Preclinical research from Dr. Lathia's team showed that when testosterone was removed or blocked, a chain reaction occurred:
- Loss of testosterone triggered stress hormones
- Stress hormones suppressed immune cells
- Brain inflammation drove this process
- Immune suppression provided an environment that permitted tumor growth
Drs. Lathia and Lee attribute this chain reaction to the brain's immune cells, or microglia. Normally, testosterone keeps microglia in check. Without it, microglia trigger inflammation that directly affects the hypothalamic-pituitary-adrenal (HPA) axis and triggers a body-wide stress response that weakens the immune system.
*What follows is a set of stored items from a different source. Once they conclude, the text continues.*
(* Let $\mathcal X\subseteq\mathbb R^d$ be an input space, $\mathcal Y=\{1,\dots,C\}$ a finite label set, and $S:\mathcal X\times\mathcal Y\to\mathbb R$ a (non-conformity) score function. Let $(X,Y)\sim\mathcal P_{X,Y}$, and let $\epsilon\sim\mathcal P_\epsilon$ be a perturbation supported on $\mathcal E_r=\{\epsilon:\|\epsilon\|_2\le r\}$, independent of $(X,Y)$; write $Z=(X,Y,\epsilon)$ and $\widetilde X=X+\epsilon$. Fix $\alpha\in(0,1)$ and $s\in[0,\alpha]$, and set $\alpha^*_{\mathrm{aPR}}=1-\frac{1-\alpha}{1-\alpha+s}$. For $\tilde\alpha\in[0,1)$ define the robust quantile $$Q^{\mathrm{rob}}(X,Y;\tilde\alpha)=\min\{t:\ \mathbb P_\epsilon\{S(X+\epsilon,Y)\le t\}\ge 1-\tilde\alpha\},$$ and the threshold $$\tau^{\mathrm{aPR}}(\alpha;s)=\min\{t:\ \mathbb P_{X,Y}\{Q^{\mathrm{rob}}(X,Y;\alpha^*_{\mathrm{aPR}})\le t\}\ge 1-\alpha+s\}.$$ Let $\mathcal C^{\mathrm{aPR}}(\widetilde X)=\{y\in\mathcal Y: S(\widetilde X,y)\le \tau^{\mathrm{aPR}}(\alpha;s)\}$. Then $$\mathbb P_{X,Y,\epsilon}\{Y\in \mathcal C^{\mathrm{aPR}}(X+\epsilon)\}\ge 1-\alpha,$$ i.e. $\mathcal C^{\mathrm{aPR}}$ provides $(1-\alpha)$-probabilistically robust coverage.
   Context: A prediction set map $\mathcal C$ provides $(1-\alpha)$-probabilistically robust coverage if $\mathbb P_{X,Y,\epsilon}\{Y\in\mathcal C(X+\epsilon)\}\ge 1-\alpha$, where the probability is over the joint distribution of $(X,Y)$ and the independent perturbation $\epsilon$. The quantities $Q^{\mathrm{rob}}$ and $\tau^{\mathrm{aPR}}$ are the (population) quantiles defined in the claim, assumed well-defined (finite). *)

theory Defs
  imports "HOL-Probability.Probability"
begin
lemma gsize_iso:
  assumes "bigraph A" "bigraph B" "iso \<phi> A B"
  shows "gsize A = gsize B"
proof -
  have bv: "bij_betw \<phi> (vn A) (vn B)" and bc: "bij_betw \<phi> (cn A) (cn B)"
   and edge: "\<forall>v\<in>vn A. \<forall>c\<in>cn A. (v, c) \<in> ed A \<longleftrightarrow> (\<phi> v, \<phi> c) \<in> ed B"
    using assms(3) by (auto simp: iso_def)
  have eA: "ed A \<subseteq> vn A \<times> cn A" and eB: "ed B \<subseteq> vn B \<times> cn B"
    using assms(1,2) by (auto simp: bigraph_def)
  have "bij_betw (\<lambda>(a, c). (\<phi> a, \<phi> c)) (ed A) (ed B)"
    unfolding bij_betw_def
  proof
    show "inj_on (\<lambda>(a, c). (\<phi> a, \<phi> c)) (ed A)"
    proof (rule inj_onI, clarify)
      fix a c a' c' assume "(a, c) \<in> ed A" "(a', c') \<in> ed A" "\<phi> a = \<phi> a'" "\<phi> c = \<phi> c'"
      then show "a = a' \<and> c = c'" using eA bv bc by (auto simp: bij_betw_def dest: inj_onD)
    qed
    show "(\<lambda>(a, c). (\<phi> a, \<phi> c)) ` ed A = ed B"
    proof
      show "(\<lambda>(a, c). (\<phi> a, \<phi> c)) ` ed A \<subseteq> ed B" using edge eA by auto
      show "ed B \<subseteq> (\<lambda>(a, c). (\<phi> a, \<phi> c)) ` ed A"
      proof clarify
        fix b d assume bd: "(b, d) \<in> ed B"
        then have "b \<in> \<phi> ` vn A" "d \<in> \<phi> ` cn A" using eB bv bc by (auto simp: bij_betw_def)
        then obtain a c where "a \<in> vn A" "c \<in> cn A" "b = \<phi> a" "d = \<phi> c" by blast
        with bd edge show "(b, d) \<in> (\<lambda>(a, c). (\<phi> a, \<phi> c)) ` ed A" by force
      qed
    qed
  qed
  then have "card (ed A) = card (ed B)" by (rule bij_betw_same_card)
  moreover have "card (vn A) = card (vn B)" using bv by (rule bij_betw_same_card)
  moreover have "card (cn A) = card (cn B)" using bc by (rule bij_betw_same_card)
  ultimately show ?thesis by (simp add: gsize_def)
qed
lemma DP_saturating_dominates:
  assumes sat: "DP_saturating n (exp (- \<epsilon>)) \<delta> \<psi>" and "\<phi> \<in> DP_tests n \<epsilon> \<delta>"
    and "0 \<le> \<epsilon>" "0 \<le> \<delta>"
    and "\<phi> x < \<psi> x" "x \<le> z" "z \<le> n"
  shows "\<phi> z \<le> \<psi> z"
proof -
  have "\<psi> x \<le> \<psi> z \<and> \<phi> z \<le> \<psi> z"
    using \<open>x \<le> z\<close>
  proof (induction z rule: dec_induct)
    case base
    then show ?case using \<open>\<phi> x < \<psi> x\<close> by simp
  next
    case (step k)
    then have "k < n" using \<open>z \<le> n\<close> by simp
    have "0 \<le> \<phi> x" using \<open>\<phi> \<in> DP_tests n \<epsilon> \<delta>\<close> \<open>x \<le> k\<close> \<open>k < n\<close>
      unfolding DP_tests_def is_test_def by simp
    then have "0 < \<psi> k" using step.IH \<open>\<phi> x < \<psi> x\<close> by linarith
    then have "\<psi> (k + 1) = dp_cap (exp (- \<epsilon>)) \<delta> (\<psi> k)"
      using sat \<open>k < n\<close> unfolding DP_saturating_def by blast
    moreover have "\<phi> (k + 1) \<le> dp_cap (exp (- \<epsilon>)) \<delta> (\<phi> k)"
      using \<open>\<phi> \<in> DP_tests n \<epsilon> \<delta>\<close> \<open>k < n\<close> unfolding DP_tests_iff_dp_cap by blast
    moreover have "dp_cap (exp (- \<epsilon>)) \<delta> (\<phi> k) \<le> dp_cap (exp (- \<epsilon>)) \<delta> (\<psi> k)"
      using step.IH by (simp add: dp_cap_mono)
    moreover have "\<psi> k \<le> \<psi> (k + 1)" using DP_saturating_mono[OF sat] \<open>k < n\<close> assms by simp
    ultimately show ?case using step.IH by simp
  qed
  then show ?thesis ..
qed

section \<open>The Tulap test saturates the privacy constraints\<close>

definition clamp01 :: "real \<Rightarrow> real" where
  "clamp01 v = max 0 (min 1 v)"

lemma isCont_clamp01: "isCont clamp01 v"
  unfolding clamp01_def by (intro continuous_intros)

lemma tulap_cdf_eq_clamp01:
  assumes "0 < b" "b < 1" "0 \<le> q" "q < 1"
  shows "tulap_cdf 0 b q t = clamp01 ((tulap0_cdf 0 b t - q/2) / (1 - q))"
proof -
  define g where "g = tulap0_cdf 0 b t"
  have "0 < 1 - q" using assms by simp
  then have "(g - q/2) / (1 - q) < 0 \<longleftrightarrow> g < q/2" "1 < (g - q/2) / (1 - q) \<longleftrightarrow> 1 - q/2 < g"
    by (auto simp: divide_less_0_iff less_divide_eq)
  then show ?thesis using assms
    unfolding tulap_cdf_def clamp01_def Let_def g_def[symmetric] by auto
qed

lemma tulap_cdf_range:
  assumes "0 < b" "b < 1" "0 \<le> q" "q < 1"
  shows "0 \<le> tulap_cdf 0 b q t" "tulap_cdf 0 b q t \<le> 1"
  unfolding tulap_cdf_eq_clamp01[OF assms] clamp01_def by auto

lemma tulap_q_bounds:
  fixes b \<delta> q :: real
  assumes "0 < b" "b < 1" "0 \<le> \<delta>" "q = 2 * \<delta> * b / (1 - b + 2 * \<delta> * b)"
  shows "0 \<le> q" "q < 1" "q * (1 - b) = 2 * \<delta> * b * (1 - q)"
proof -
  have D: "0 < 1 - b + 2 * \<delta> * b" using assms by (simp add: add_pos_nonneg)
  show "0 \<le> q" "q < 1" using assms D by (simp_all add: divide_less_eq)
  show "q * (1 - b) = 2 * \<delta> * b * (1 - q)" using assms D by (simp add: field_simps)
qed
That weakened immune system eventually leads to tumor growth.
"In cancers outside of the brain, blocking androgens can improve immunity," Dr. Lathia says. "This is the opposite of what we discovered in this study-and the implications are that this is more than just local tumor biology, since the effects spread to distant brain regions, including the hypothalamus. The location of a tumor significantly changes how hormones affect immunity."
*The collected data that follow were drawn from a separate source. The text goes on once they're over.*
lemma continuous_on_Rep_I01: "continuous_on S Rep_I01"
  unfolding continuous_on_iff dist_I01_def by auto

lemma abs_ev_le_norm: "\<bar>ev u t\<bar> \<le> norm u"
  unfolding ev_def using norm_bounded[of u] by simp

lemma abs_ev_diff_le_dist: "\<bar>ev u t - ev v t\<bar> \<le> dist u v"
  unfolding ev_def using dist_bounded[of u _ v] by (simp add: dist_real_def)

lemma ev_Bcontfun:
  assumes G: "continuous_on {0..1} G" and t: "t \<in> {0..1}"
  shows "ev (Bcontfun (\<lambda>x. G (Rep_I01 x))) t = G t"
proof -
  have "continuous_on UNIV (\<lambda>x. G (Rep_I01 x))"
    by (rule continuous_on_compose2[OF G continuous_on_Rep_I01]) (use Rep_I01 in auto)
  moreover have "bounded (range (\<lambda>x. G (Rep_I01 x)))"
    by (rule bounded_subset[OF compact_imp_bounded[OF compact_continuous_image[OF G]]])
       (use Rep_I01 in auto)
  ultimately have "(\<lambda>x. G (Rep_I01 x)) \<in> bcontfun"
    unfolding bcontfun_def by auto
  with t show ?thesis
    unfolding ev_def by (simp add: Bcontfun_inverse Abs_I01_inverse)
qed

lemma closed_ev_superlevel: "closed {w. \<forall>t\<in>A. r \<le> ev w t}"
proof -
  have "continuous_on UNIV (\<lambda>w :: I01 \<Rightarrow>\<^sub>C real. ev w t)" for t
    using abs_ev_diff_le_dist unfolding continuous_on_iff dist_real_def by (meson le_less_trans)
  then have "closed {w. r \<le> ev w t}" for t
    by (rule closed_Collect_le[OF continuous_on_const])
  moreover have "{w. \<forall>t\<in>A. r \<le> ev w t} = (\<Inter>t\<in>A. {w. r \<le> ev w t})"
    by auto
  ultimately show ?thesis
    by (simp add: closed_INT)
qed

lemma convex_ev_superlevel: "convex {w. \<forall>t\<in>A. r \<le> ev w t}"
proof (rule convexI)
  fix w1 w2 and p q :: real
  assume "w1 \<in> {w. \<forall>t\<in>A. r \<le> ev w t}" "w2 \<in> {w. \<forall>t\<in>A. r \<le> ev w t}"
    and pq: "0 \<le> p" "0 \<le> q" "p + q = 1"
  then have "p * r + q * r \<le> p * ev w1 t + q * ev w2 t" if "t \<in> A" for t
    using that by (intro add_mono mult_left_mono) auto
  with pq show "p *\<^sub>R w1 + q *\<^sub>R w2 \<in> {w. \<forall>t\<in>A. r \<le> ev w t}"
    by (simp add: ev_def flip: distrib_right)
qed

definition interval_min :: "real \<Rightarrow> real \<Rightarrow> (I01 \<Rightarrow>\<^sub>C real) \<Rightarrow> real"
  where "interval_min a b u = (INF t\<in>{a..b}. ev u t)"

lemma interval_min_le_ev: "t \<in> {a..b} \<Longrightarrow> interval_min a b u \<le> ev u t"
proof -
  have "- norm u \<le> ev u s" for s
    using abs_ev_le_norm[of u s] by linarith
  then show "t \<in> {a..b} \<Longrightarrow> interval_min a b u \<le> ev u t"
    unfolding interval_min_def by (intro cINF_lower bdd_belowI2)
qed

lemma interval_min_greatest:
  "a \<le> b \<Longrightarrow> (\<And>t. t \<in> {a..b} \<Longrightarrow> r \<le> ev u t) \<Longrightarrow> r \<le> interval_min a b u"
  unfolding interval_min_def by (rule cINF_greatest) auto

lemma interval_min_lipschitz:
  assumes "a \<le> b"
  shows "interval_min a b u - dist u v \<le> interval_min a b v"
  using interval_min_le_ev[of _ a b u] abs_ev_diff_le_dist[of u _ v]
  by (intro interval_min_greatest[OF assms]) (smt (verit))

lemma continuous_on_interval_min:
  assumes "a \<le> b"
  shows "continuous_on S (interval_min a b)"
proof (rule lipschitz_on_continuous_on[OF lipschitz_onI])
  show "dist (interval_min a b u) (interval_min a b v) \<le> 1 * dist u v" for u v
    using interval_min_lipschitz[OF assms, of u v] interval_min_lipschitz[OF assms, of v u]
    by (auto simp: dist_real_def dist_commute abs_le_iff)
qed simp

lemma coneK_ev_nonneg: "u \<in> coneK a b c \<Longrightarrow> 0 \<le> ev u s"
  unfolding coneK_def ev_def by auto

lemma coneK_norm_le: "u \<in> coneK a b c \<Longrightarrow> c * norm u \<le> interval_min a b u"
  unfolding coneK_def interval_min_def by auto

lemma coneK_ev_near_level:
  assumes c: "0 < c" "c \<le> 1" and u: "u \<in> coneK a b c" "interval_min a b u = \<rho>"
    and v: "v \<in> coneK a b c" "dist u v \<le> \<epsilon>" and s: "s \<in> {a..b}"
  shows "c * (\<rho> - \<epsilon>) \<le> ev v s" and "ev v s \<le> \<rho> / c + \<epsilon>"
proof -
  have "\<rho> - \<epsilon> \<le> ev v s"
    using interval_min_le_ev[OF s, of u] abs_ev_diff_le_dist[of u s v] u v by linarith
  moreover have "c * (\<rho> - \<epsilon>) \<le> max 0 (\<rho> - \<epsilon>)"
    using c by (cases "0 \<le> \<rho> - \<epsilon>") (simp_all add: mult_left_le_one_le mult_nonneg_nonpos)
  ultimately show "c * (\<rho> - \<epsilon>) \<le> ev v s"
    using coneK_ev_nonneg[OF v(1), of s] by (meson max.boundedI order_trans)
  have "norm u \<le> \<rho> / c"
    using coneK_norm_le[OF u(1)] u(2) c by (simp add: le_divide_eq mult.commute)
  moreover have "norm v \<le> norm u + dist u v"
    using norm_triangle_ineq2[of v u] by (simp add: dist_norm norm_minus_commute)
  ultimately show "ev v s \<le> \<rho> / c + \<epsilon>"
    using abs_ev_le_norm[of v s] v by linarith
qed

locale hammerstein_setting =
  fixes a b c :: real
    and f :: "real \<Rightarrow> real \<Rightarrow> real"
    and g \<Phi> :: "real \<Rightarrow> real"
    and k :: "real \<Rightarrow> real \<Rightarrow> real"
  assumes ab: "0 \<le> a" "a \<le> b" "b \<le> 1"
    and c: "0 < c" "c \<le> 1"
    and f_nonneg: "\<And>t u. t \<in> {0..1} \<Longrightarrow> 0 \<le> u \<Longrightarrow> 0 \<le> f t u"
    and f_meas: "\<And>u :: I01 \<Rightarrow>\<^sub>C real. (\<forall>x. 0 \<le> apply_bcontfun u x) \<Longrightarrow>
                    set_borel_measurable lebesgue {0..1} (\<lambda>s. f s (ev u s))"
    and f_bdd: "\<And>r. r > 0 \<Longrightarrow> \<exists>R>0. AE t in lebesgue. t \<in> {0..1} \<longrightarrow> (\<forall>u\<in>{0..r}. f t u \<le> R)"
    and g_meas: "set_borel_measurable lebesgue {0..1} g"
    and g_nonneg: "AE s in lebesgue. s \<in> {0..1} \<longrightarrow> 0 \<le> g s"
    and k_cont: "continuous_on ({0..1} \<times> {0..1}) (\<lambda>(t, s). k t s)"
    and k_nonneg: "\<And>t s. t \<in> {0..1} \<Longrightarrow> s \<in> {0..1} \<Longrightarrow> 0 \<le> k t s"
    and Phi_g_int: "set_integrable lebesgue {0..1} (\<lambda>s. \<Phi> s * g s)"
    and Phi_g_pos: "(LINT s:{a..b}|lebesgue. \<Phi> s * g s) > 0"
    and k_le_Phi: "\<And>t s. t \<in> {0..1} \<Longrightarrow> s \<in> {0..1} \<Longrightarrow> k t s \<le> \<Phi> s"
    and Phi_le_k: "\<And>t s. t \<in> {a..b} \<Longrightarrow> s \<in> {0..1} \<Longrightarrow> c * \<Phi> s \<le> k t s"
begin

definition kernel_mass :: real
  where "kernel_mass = (INF t\<in>{a..b}. LINT s:{a..b}|lebesgue. k t s * g s)"

lemma ab_subset: "{a..b} \<subseteq> {0..1}"
  using ab by auto

lemma kg_integrable:
  assumes t: "t \<in> {0..1}"
  shows "set_integrable lebesgue {0..1} (\<lambda>s. k t s * g s)"
proof (rule set_integrable_kernel_mult[OF k_cont _ g_meas Phi_g_int t])
  show "AE s in lebesgue. s \<in> {0..1} \<longrightarrow> \<bar>k t s * g s\<bar> \<le> \<Phi> s * g s"
    using g_nonneg by eventually_elim (use k_nonneg k_le_Phi t in \<open>auto intro: mult_right_mono\<close>)
qed simp

lemma kg_integral_lower:
  assumes t: "t \<in> {a..b}"
  shows "c * (LINT s:{a..b}|lebesgue. \<Phi> s * g s) \<le> (LINT s:{a..b}|lebesgue. k t s * g s)"
proof -
  have "c * (LINT s:{a..b}|lebesgue. \<Phi> s * g s) = (LINT s:{a..b}|lebesgue. c * (\<Phi> s * g s))"
    by simp
  also have "\<dots> \<le> (LINT s:{a..b}|lebesgue. k t s * g s)"
  proof (rule set_integral_mono_AE)
    show "set_integrable lebesgue {a..b} (\<lambda>s. c * (\<Phi> s * g s))"
      using set_integrable_subset[OF Phi_g_int _ ab_subset] by (simp add: set_integrable_mult_right)
    show "set_integrable lebesgue {a..b} (\<lambda>s. k t s * g s)"
      using set_integrable_subset[OF kg_integrable _ ab_subset] t ab_subset by auto
    show "AE s\<in>{a..b} in lebesgue. c * (\<Phi> s * g s) \<le> k t s * g s"
      using g_nonneg by eventually_elim
        (use Phi_le_k[OF t] ab_subset in \<open>auto simp flip: mult.assoc intro: mult_right_mono\<close>)
  qed
  finally show ?thesis .
qed

lemma kernel_mass_le: "t \<in> {a..b} \<Longrightarrow> kernel_mass \<le> (LINT s:{a..b}|lebesgue. k t s * g s)"
  unfolding kernel_mass_def by (rule cINF_lower[OF bdd_belowI2]) (rule kg_integral_lower)

lemma kernel_mass_pos: "0 < kernel_mass"
proof -
  have "c * (LINT s:{a..b}|lebesgue. \<Phi> s * g s) \<le> kernel_mass"
    unfolding kernel_mass_def using ab by (intro cINF_greatest kg_integral_lower) auto
  moreover have "0 < c * (LINT s:{a..b}|lebesgue. \<Phi> s * g s)"
    using c Phi_g_pos by simp
  ultimately show ?thesis
    by linarith
qed

lemma hammT_integrand_bound:
  assumes v: "\<forall>x. 0 \<le> apply_bcontfun v x"
  obtains R where
    "\<And>t. t \<in> {0..1} \<Longrightarrow>
       AE s in lebesgue. s \<in> {0..1} \<longrightarrow> \<bar>k t s * (g s * f s (ev v s))\<bar> \<le> R * (\<Phi> s * g s)"
proof -
  have ev_range: "ev v s \<in> {0..norm v + 1}" for s
    using v abs_ev_le_norm[of v s] by (auto simp: ev_def)
  obtain R where R: "AE s in lebesgue. s \<in> {0..1} \<longrightarrow> (\<forall>x\<in>{0..norm v + 1}. f s x \<le> R)"
    using f_bdd[of "norm v + 1"] by (smt (verit) norm_ge_zero)
  have "AE s in lebesgue. s \<in> {0..1} \<longrightarrow> \<bar>k t s * (g s * f s (ev v s))\<bar> \<le> R * (\<Phi> s * g s)"
    if t: "t \<in> {0..1}" for t
    using g_nonneg R
  proof eventually_elim
    case (elim s)
    show ?case
    proof
      assume s: "s \<in> {0..1}"
      have "0 \<le> k t s" "0 \<le> g s" "0 \<le> f s (ev v s)"
        using k_nonneg[OF t s] elim s f_nonneg[OF s] ev_range[of s] by auto
      moreover have "k t s \<le> \<Phi> s" "f s (ev v s) \<le> R"
        using k_le_Phi[OF t s] elim s ev_range[of s] by auto
      ultimately have "k t s * (g s * f s (ev v s)) \<le> \<Phi> s * (g s * R)"
        by (intro mult_mono) (auto intro: mult_left_mono order_trans)
      then show "\<bar>k t s * (g s * f s (ev v s))\<bar> \<le> R * (\<Phi> s * g s)"
        using \<open>0 \<le> k t s\<close> \<open>0 \<le> g s\<close> \<open>0 \<le> f s (ev v s)\<close> by (simp add: mult_ac)
    qed
  qed
  then show ?thesis
    using that by blast
qed

lemma
  assumes v: "\<forall>x. 0 \<le> apply_bcontfun v x" and t: "t \<in> {0..1}"
  shows hammT_integrable: "set_integrable lebesgue {0..1} (\<lambda>s. k t s * g s * f s (ev v s))"
    and ev_hammT: "ev (hammT k g f v) t = (LINT s:{0..1}|lebesgue. k t s * g s * f s (ev v s))"
proof -
  obtain R where R: "\<And>t. t \<in> {0..1} \<Longrightarrow>
      AE s in lebesgue. s \<in> {0..1} \<longrightarrow> \<bar>k t s * (g s * f s (ev v s))\<bar> \<le> R * (\<Phi> s * g s)"
    using hammT_integrand_bound[OF v] by blast
  have q: "set_borel_measurable lebesgue {0..1} (\<lambda>s. g s * f s (ev v s))"
    by (rule set_borel_measurable_mult[OF g_meas f_meas[OF v]])
  have w: "set_integrable lebesgue {0..1} (\<lambda>s. R * (\<Phi> s * g s))"
    using Phi_g_int by (rule set_integrable_mult_right)
  show "set_integrable lebesgue {0..1} (\<lambda>s. k t s * g s * f s (ev v s))"
    using set_integrable_kernel_mult[OF k_cont _ q w t R[OF t]] by (simp add: mult.assoc)
  have "continuous_on {0..1} (\<lambda>t. LINT s:{0..1}|lebesgue. k t s * g s * f s (ev v s))"
    using continuous_on_parametric_set_integral[OF k_cont _ q w R] by (simp add: mult.assoc)
  then show "ev (hammT k g f v) t = (LINT s:{0..1}|lebesgue. k t s * g s * f s (ev v s))"
    unfolding hammT_def by (rule ev_Bcontfun[OF _ t])
qed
The preclinical observations align with human evidence. The team observed that T cells-which are critical for fighting cancer cells-decline with age, but only in males. This T-cell reduction in male tumors could be the result of aging-associated hormone changes-and is what led the team to look more closely at testosterone.
In addition, the team noted from an analysis of cancer registry data that male glioblastoma patients who received testosterone therapy along with standard chemotherapy lived longer, on average.
"What excites me about our findings is the new insight we are contributing to the growing field of cancer neuroscience," Dr. Lathia says. "This study looks beyond the tumor at the interaction with the nervous system, in addition to the immune system."
"We see so much potential for the future of glioblastoma treatment," he adds. "Our ultimate assertion is that supplemental testosterone could be evaluated as a therapy, marking an important opportunity to advance our fight against cancer."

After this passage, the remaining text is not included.